Das Problem dabei: "Celvapan" ist zwar ohne Wirkverstärker, allerdings ist das Vakzin auf Zellen von Grünen Meerkatzen gezüchtet und nicht auf Hühnereiern wie der traditionelle Impfstoff. Viel Erfahrung hat man daher auch mit diesem Impfstoff nicht. "Klinisch wurde 'Celvapan' nur an wenigen Personen und unter unzureichend kontrollierten Bedingungen getestet", sagt Becker-Brüser. Für Schwangere wäre diese Vakzine daher ebenfalls nicht geeignet - auch wenn sie keine Wirkverstärker enthält.
Doch warum werden Adjuvantien eingesetzt? Und was ist das Gefährliche an ihnen? Um einen Menschen zum Lachen zu bringen, können Sie entweder einen guten Witz erzählen oder gleich auf Nummer sicher gehen und mit einplanen, dass sie Ihr Gegenüber auch kitzeln. Ähnlich funktionieren die Wirkverstärker. Werden Sie Impfungen zugesetzt, ist weniger Antigen nötig. Die Adjuvantien stacheln das Immunsystem an und ermöglichen so, den Impfstoff zu strecken. Für eine Dosis werden weniger Antigene gebraucht. Die benötigten Impfdosen können daher schneller hergestellt werden - ein immer wieder beschworener Vorteil. Auch bei Krankheiten, bei denen das Immunsystem nicht so stark wie gewünscht auf die Eindringlinge reagiert - bei Aids zum Beispiel oder bei Malaria - kann der Einsatz von Wirkverstärkern durchaus sinnvoll sein. Bei dem bis jetzt sehr milden Schweinegrippevirus schießt man allerdings mit Kanonen auf Spatzen. Ob der Einsatz gerechtfertigt ist, ist daher fraglich - erst recht, da die Wirkverstärker nicht ganz so harmlos sind wie ein Kitzeln.
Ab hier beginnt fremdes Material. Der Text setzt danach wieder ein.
(* Let $\mathbf A$ be a complete residuated lattice and $I$, $J$ arbitrary sets. (i) A mapping $\phi\colon A^I\to A^J$ is a $\phi$-type mapping if and only if there is a fuzzy relation $R\colon I\times J\to A$ with $\phi=\phi_R$; a mapping $\rho\colon A^J\to A^I$ is a $\rho$-type mapping if and only if there is a fuzzy relation $R\colon I\times J\to A$ with $\rho=\rho_R$. Moreover, a $\phi$-type mapping $\phi$ and a $\rho$-type mapping $\rho$ form a Galois connection between $A^I$ and $A^J$ if and only if there is a single fuzzy relation $R$ with $\phi=\phi_R$ and $\rho=\rho_R$. (ii) A mapping $\delta\colon A^I\to A^J$ is a $\delta$-type mapping if and only if $\delta=\delta_R$ for some fuzzy relation $R\colon I\times J\to A$; a mapping $\epsilon\colon A^J\to A^I$ is a $\delta$-type mapping if and only if $\epsilon=\epsilon_R$ for some fuzzy relation $R\colon I\times J\to A$. Moreover, $\delta$-type mappings $\delta\colon A^I\to A^J$ and $\epsilon\colon A^J\to A^I$ form a reversed Galois connection if and only if there is a single fuzzy relation $R$ with $\delta=\delta_R$ and $\epsilon=\epsilon_R$.
   Context: A residuated lattice is an algebra $\mathbf A=(A;\vee,\wedge,\cdot,\rightarrow,0,1)$ such that $(A;\vee,\wedge,0,1)$ is a bounded lattice, $(A;\cdot,1)$ is a commutative monoid, and $x\cdot y\le z$ iff $x\le y\rightarrow z$; complete if the lattice reduct is complete. $A^K$ carries componentwise operations and order; $d^K$ is the constant element with value $d\in A$. A fuzzy relation is a map $R\colon I\times J\to A$. Operators: $\phi_R(x)(j)=\bigwedge_{i\in I}(R(i,j)\rightarrow x(i))$ ($A^I\to A^J$); $\rho_R(y)(i)=\bigvee_{j\in J}(R(i,j)\cdot y(j))$ ($A^J\to A^I$); $\delta_R(x)(j)=\bigwedge_{i\in I}(x(i)\rightarrow R(i,j))$ ($A^I\to A^J$); $\epsilon_R(y)(i)=\bigwedge_{j\in J}(y(j)\rightarrow R(i,j))$ ($A^J\to A^I$). Galois connection: monotone $\phi,\rho$ with $y\le\phi(x)$ iff $\rho(y)\le x$. Reversed Galois connection: antitone $\delta,\epsilon$ with $y\le\delta(x)$ iff $x\le\epsilon(y)$. For sets $K,L$: $\phi\colon A^K\to A^L$ is $\phi$-type if infima preserving ($\phi(\bigwedge M)=\bigwedge\phi(M)$ for all $M$) and $d^L\rightarrow\phi(x)=\phi(d^K\rightarrow x)$ for all $d\in A$; $\rho\colon A^L\to A^K$ is $\rho$-type if suprema preserving and $d^K\cdot\rho(x)=\rho(d^L\cdot x)$ for all $d$; $\delta\colon A^K\to A^L$ is $\delta$-type if suprema reversing ($\delta(\bigvee M)=\bigwedge\delta(M)$) and $d^L\rightarrow\delta(x)=\delta(d^K\cdot x)$ for all $d$. *)

theory Defs
  imports Main
begin

class complete_residuated_lattice = complete_lattice + comm_monoid_mult +
  fixes residuum :: "'a \<Rightarrow> 'a \<Rightarrow> 'a" (infixr "\<rightarrow>\<^sub>r" 60)
  assumes one_is_top: "1 = top"
  assumes residuation: "x * y \<le> z \<longleftrightarrow> x \<le> y \<rightarrow>\<^sub>r z"

text \<open>A^I is modelled as the function type 'i => 'a with the pointwise (library) order.\<close>

definition phiR :: "('i \<Rightarrow> 'j \<Rightarrow> 'a::complete_residuated_lattice) \<Rightarrow> ('i \<Rightarrow> 'a) \<Rightarrow> ('j \<Rightarrow> 'a)" where
  "phiR R x = (\<lambda>j. INF i. R i j \<rightarrow>\<^sub>r x i)"

definition rhoR :: "('i \<Rightarrow> 'j \<Rightarrow> 'a::complete_residuated_lattice) \<Rightarrow> ('j \<Rightarrow> 'a) \<Rightarrow> ('i \<Rightarrow> 'a)" where
  "rhoR R y = (\<lambda>i. SUP j. R i j * y j)"

definition deltaR :: "('i \<Rightarrow> 'j \<Rightarrow> 'a::complete_residuated_lattice) \<Rightarrow> ('i \<Rightarrow> 'a) \<Rightarrow> ('j \<Rightarrow> 'a)" where
  "deltaR R x = (\<lambda>j. INF i. x i \<rightarrow>\<^sub>r R i j)"

definition epsR :: "('i \<Rightarrow> 'j \<Rightarrow> 'a::complete_residuated_lattice) \<Rightarrow> ('j \<Rightarrow> 'a) \<Rightarrow> ('i \<Rightarrow> 'a)" where
  "epsR R y = (\<lambda>i. INF j. y j \<rightarrow>\<^sub>r R i j)"

definition phi_type :: "(('k \<Rightarrow> 'a::complete_residuated_lattice) \<Rightarrow> ('l \<Rightarrow> 'a)) \<Rightarrow> bool" where
  "phi_type \<phi> \<longleftrightarrow> (\<forall>M. \<phi> (Inf M) = Inf (\<phi> ` M))
     \<and> (\<forall>d x. (\<lambda>l. d \<rightarrow>\<^sub>r \<phi> x l) = \<phi> (\<lambda>k. d \<rightarrow>\<^sub>r x k))"

definition rho_type :: "(('l \<Rightarrow> 'a::complete_residuated_lattice) \<Rightarrow> ('k \<Rightarrow> 'a)) \<Rightarrow> bool" where
  "rho_type \<rho> \<longleftrightarrow> (\<forall>M. \<rho> (Sup M) = Sup (\<rho> ` M))
     \<and> (\<forall>d x. (\<lambda>k. d * \<rho> x k) = \<rho> (\<lambda>l. d * x l))"

definition delta_type :: "(('k \<Rightarrow> 'a::complete_residuated_lattice) \<Rightarrow> ('l \<Rightarrow> 'a)) \<Rightarrow> bool" where
  "delta_type \<delta> \<longleftrightarrow> (\<forall>M. \<delta> (Sup M) = Inf (\<delta> ` M))
     \<and> (\<forall>d x. (\<lambda>l. d \<rightarrow>\<^sub>r \<delta> x l) = \<delta> (\<lambda>k. d * x k))"

definition galois_conn :: "(('i \<Rightarrow> 'a::complete_lattice) \<Rightarrow> ('j \<Rightarrow> 'a)) \<Rightarrow> (('j \<Rightarrow> 'a) \<Rightarrow> ('i \<Rightarrow> 'a)) \<Rightarrow> bool" where
  "galois_conn \<phi> \<rho> \<longleftrightarrow> mono \<phi> \<and> mono \<rho> \<and> (\<forall>x y. y \<le> \<phi> x \<longleftrightarrow> \<rho> y \<le> x)"

definition rev_galois_conn :: "(('i \<Rightarrow> 'a::complete_lattice) \<Rightarrow> ('j \<Rightarrow> 'a)) \<Rightarrow> (('j \<Rightarrow> 'a) \<Rightarrow> ('i \<Rightarrow> 'a)) \<Rightarrow> bool" where
  "rev_galois_conn \<delta> \<epsilon> \<longleftrightarrow> antimono \<delta> \<and> antimono \<epsilon> \<and> (\<forall>x y. y \<le> \<delta> x \<longleftrightarrow> x \<le> \<epsilon> y)"

end

theory Submission
  imports Defs
begin

(* Hence a
       rho-type map (resp. delta-type map) is determined by its values on atoms, and
       R i j = rho (atom j) i  (resp.  R i j = delta (atom i) j)  represents it.
   (4) A phi-type map has a left adjoint, which is rho-type and hence equals rhoR R;
       since rhoR R is left adjoint to phiR R, uniqueness of right adjoints gives
       phi = phiR R.  Conversely the relational operators have the required types, and
       the Galois-connection statements follow from uniqueness of adjoints. *)

section \<open>Algebra of complete residuated lattices\<close>

context complete_residuated_lattice
begin

lemma eq_by_lower_bounds: "(\<And>z. z \<le> a \<longleftrightarrow> z \<le> b) \<Longrightarrow> a = b"
  by (meson order.antisym order.refl)

lemma residuum_INF: "a \<rightarrow>\<^sub>r (INF s\<in>S. f s) = (INF s\<in>S. a \<rightarrow>\<^sub>r f s)"
  by (rule eq_by_lower_bounds) (simp add: residuation[symmetric] le_INF_iff)

lemma mult_SUP: "a * (SUP s\<in>S. f s) = (SUP s\<in>S. a * f s)"
proof -
  have "a * (SUP s\<in>S. f s) \<le> z \<longleftrightarrow> (SUP s\<in>S. a * f s) \<le> z" for z
    by (simp add: mult.commute[of a] residuation SUP_le_iff)
  then show ?thesis by (meson order.antisym order.refl)
qed

lemma SUP_residuum: "(SUP s\<in>S. f s) \<rightarrow>\<^sub>r b = (INF s\<in>S. f s \<rightarrow>\<^sub>r b)"
proof (rule eq_by_lower_bounds)
  fix z
  have "z \<le> (SUP s\<in>S. f s) \<rightarrow>\<^sub>r b \<longleftrightarrow> z * (SUP s\<in>S. f s) \<le> b" by (simp add: residuation)
  also have "\<dots> \<longleftrightarrow> (\<forall>s\<in>S. z * f s \<le> b)" by (simp add: mult_SUP SUP_le_iff)
  also have "\<dots> \<longleftrightarrow> (\<forall>s\<in>S. z \<le> f s \<rightarrow>\<^sub>r b)" by (simp add: residuation)
  finally show "z \<le> (SUP s\<in>S. f s) \<rightarrow>\<^sub>r b \<longleftrightarrow> z \<le> (INF s\<in>S. f s \<rightarrow>\<^sub>r b)"
    by (simp add: le_INF_iff)
qed

lemma residuum_curry: "(a * b) \<rightarrow>\<^sub>r c = a \<rightarrow>\<^sub>r (b \<rightarrow>\<^sub>r c)"
  by (rule eq_by_lower_bounds) (simp add: residuation[symmetric] mult.assoc)

lemma residuum_exchange: "a \<rightarrow>\<^sub>r (b \<rightarrow>\<^sub>r c) = b \<rightarrow>\<^sub>r (a \<rightarrow>\<^sub>r c)"
  by (metis residuum_curry mult.commute)

lemma mult_bot: "x * bot = bot"
  by (metis bot.extremum bot_unique mult.commute residuation)

end

lemma scale_le_iff_le_residuum:
  "((\<lambda>k. d * f k) \<le> g) \<longleftrightarrow> (f \<le> (\<lambda>k. d \<rightarrow>\<^sub>r (g k :: 'a::complete_residuated_lattice)))"
  unfolding le_fun_def by (metis mult.commute residuation)

section \<open>Adjunctions between complete lattices\<close>

lemma galois_conn_iff_adjoint:
  fixes \<phi> :: "('i \<Rightarrow> 'a::complete_lattice) \<Rightarrow> ('j \<Rightarrow> 'a)" and \<rho> :: "('j \<Rightarrow> 'a) \<Rightarrow> ('i \<Rightarrow> 'a)"
  shows "galois_conn \<phi> \<rho> \<longleftrightarrow> (\<forall>x y. y \<le> \<phi> x \<longleftrightarrow> \<rho> y \<le> x)"
proof
  assume adj: "\<forall>x y. y \<le> \<phi> x \<longleftrightarrow> \<rho> y \<le> x"
  have "mono \<phi>" by (rule monoI) (meson adj order.refl order.trans)
  moreover have "mono \<rho>" by (rule monoI) (meson adj order.refl order.trans)
  ultimately show "galois_conn \<phi> \<rho>" using adj by (simp add: galois_conn_def)
qed (simp add: galois_conn_def)

lemma rev_galois_conn_iff_adjoint:
  fixes \<delta> :: "('i \<Rightarrow> 'a::complete_lattice) \<Rightarrow> ('j \<Rightarrow> 'a)" and \<epsilon> :: "('j \<Rightarrow> 'a) \<Rightarrow> ('i \<Rightarrow> 'a)"
  shows "rev_galois_conn \<delta> \<epsilon> \<longleftrightarrow> (\<forall>x y. y \<le> \<delta> x \<longleftrightarrow> x \<le> \<epsilon> y)"
proof
  assume adj: "\<forall>x y. y \<le> \<delta> x \<longleftrightarrow> x \<le> \<epsilon> y"
  have "antimono \<delta>" by (rule antimonoI) (meson adj order.refl order.trans)
  moreover have "antimono \<epsilon>" by (rule antimonoI) (meson adj order.refl order.trans)
  ultimately show "rev_galois_conn \<delta> \<epsilon>" using adj by (simp add: rev_galois_conn_def)
qed (simp add: rev_galois_conn_def)

lemma left_adjoint_unique:
  fixes \<rho> \<rho>' :: "'b::order \<Rightarrow> 'c::order"
  assumes "\<And>x y. y \<le> \<phi> x \<longleftrightarrow> \<rho> y \<le> x" "\<And>x y. y \<le> \<phi> x \<longleftrightarrow> \<rho>' y \<le> x"
  shows "\<rho> = \<rho>'"
  by (rule ext, meson assms order.antisym order.refl)

lemma right_adjoint_unique:
  fixes \<phi> \<phi>' :: "'b::order \<Rightarrow> 'c::order"
  assumes "\<And>x y. y \<le> \<phi> x \<longleftrightarrow> \<rho> y \<le> x" "\<And>x y. y \<le> \<phi>' x \<longleftrightarrow> \<rho> y \<le> x"
  shows "\<phi> = \<phi>'"
  by (rule ext, meson assms order.antisym order.refl)

lemma rev_adjoint_unique:
  fixes \<epsilon> \<epsilon>' :: "'b::order \<Rightarrow> 'c::order"
  assumes "\<And>x y. y \<le> \<delta> x \<longleftrightarrow> x \<le> \<epsilon> y" "\<And>x y. y \<le> \<delta> x \<longleftrightarrow> x \<le> \<epsilon>' y"
  shows "\<epsilon> = \<epsilon>'"
  by (rule ext, meson assms order.antisym order.refl)

lemma Inf_preserving_mono:
  fixes \<phi> :: "'b::complete_lattice \<Rightarrow> 'c::complete_lattice"
  assumes "\<And>M. \<phi> (Inf M) = Inf (\<phi> ` M)"
  shows "mono \<phi>"
proof (rule monoI)
  fix x x' :: 'b assume "x \<le> x'"
  then have "\<phi> x = \<phi> (Inf {x, x'})" by (simp add: inf_absorb1)
  also have "\<dots> = inf (\<phi> x) (\<phi> x')" using assms[of "{x, x'}"] by simp
  finally show "\<phi> x \<le> \<phi> x'" by (metis inf.cobounded2)
qed

lemma Inf_preserving_left_adjoint:
  fixes \<phi> :: "'b::complete_lattice \<Rightarrow> 'c::complete_lattice"
  assumes inf: "\<And>M. \<phi> (Inf M) = Inf (\<phi> ` M)"
    and rho_eq: "\<rho> = (\<lambda>y. Inf {x. y \<le> \<phi> x})"
  shows "\<rho> y \<le> x \<longleftrightarrow> y \<le> \<phi> x"
proof
  assume "\<rho> y \<le> x"
  have "y \<le> \<phi> (\<rho> y)" unfolding rho_eq inf by (auto intro: Inf_greatest)
  also have "\<dots> \<le> \<phi> x" using Inf_preserving_mono[OF inf] \<open>\<rho> y \<le> x\<close> by (rule monoD)
  finally show "y \<le> \<phi> x" .
next
  assume "y \<le> \<phi> x" then show "\<rho> y \<le> x" unfolding rho_eq by (auto intro: Inf_lower)
qed

lemma left_adjoint_Sup:
  fixes \<rho> :: "'b::complete_lattice \<Rightarrow> 'c::complete_lattice"
  assumes adj: "\<And>x y. \<rho> y \<le> x \<longleftrightarrow> y \<le> \<phi> x"
  shows "\<rho> (Sup M) = Sup (\<rho> ` M)"
proof -
  have "\<rho> (Sup M) \<le> x \<longleftrightarrow> Sup (\<rho> ` M) \<le> x" for x
    by (simp add: adj Sup_le_iff)
  then show ?thesis by (meson order.antisym order.refl)
qed

section \<open>Decomposition of fuzzy sets into atoms\<close>

definition atom :: "'j \<Rightarrow> 'j \<Rightarrow> 'a::complete_residuated_lattice" where
  "atom j = (\<lambda>l. if l = j then 1 else bot)"

lemma scaled_atom: "(\<lambda>l. c * atom j l) = (\<lambda>l. if l = j then c else bot)"
  by (auto simp: atom_def mult_bot)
Da sie die Immunabwehr gegen die Erreger aufwiegeln, können auch die Nebenwirkungen schlimmer ausfallen: Schwellungen und Schmerzen an der Injektionsstelle, Kopfschmerzen, Fieber und Schüttelfrost zählen dazu. Wie das pharmakritische Arznei-Telegramm deutlich macht, ist es auch möglich, dass das Beigemisch die Häufigkeit eigentlich seltener, aber gravierender Nebenwirkungen erhöht, die nach dem Impfen auftreten können: Dazu zählt auch die Nervenkrankheit Guillain-Barré-Syndrom, die mit Lähmungserscheinungen einhergeht. Darüber, wie solche Impfungen mit einem Verstärkergemisch wirken, weiß man insgesamt noch wenig, da sie bis jetzt noch nicht großflächig zum Einsatz gekommen sind.
Problematisch ist allerdings vor allem eins: An Schwangeren und Kindern wurde dieser Impfstoff noch gar nicht oder unzureichend getestet. Dabei benötigen genau diese beiden Gruppen vorrangig einen Schutz gegen die Schweinegrippe. Es liegt also in der Hand der Ärzte, in jedem Einzelfall eine Abwägung zwischen Risiko und Nutzen zu treffen - ohne gesicherte Datenlage. Das Bundesgesundheitsministerium hat erst relativ spät auf dieses Dilemma reagiert: Anfang Oktober gab eine Sprecherin bekannt, dass Gespräche mit den Pharmakonzernen geführt würden, um für Schwangere einen nichtadjuvantierten Impfstoff nachzubestellen. Von Kindern ist bis jetzt nicht die Rede.
Doch warum hat die Deutsche Regierung eigentlich auf die adjuvantierte Variante gesetzt? "Sie haben sich in dem Vertrag von 2007, der angesichts der Vogelgrippe geschlossen wurde, auf Pandemrix geeinigt, dessen Antigen in Dresden bei Glaxo-Smith-Kline produziert wird", sagt Becker-Brüser. "Ohne einen Passus einzufügen, dass bei Bedarf noch einmal geprüft wird, ob der Erreger tatsächlich eine Wirkverstärker-Technik benötigt." Bei dem H1N1-Virus sei dies nicht der Fall, hier würden die Adjuvantien nur ein zusätzliches Risiko bedeuten.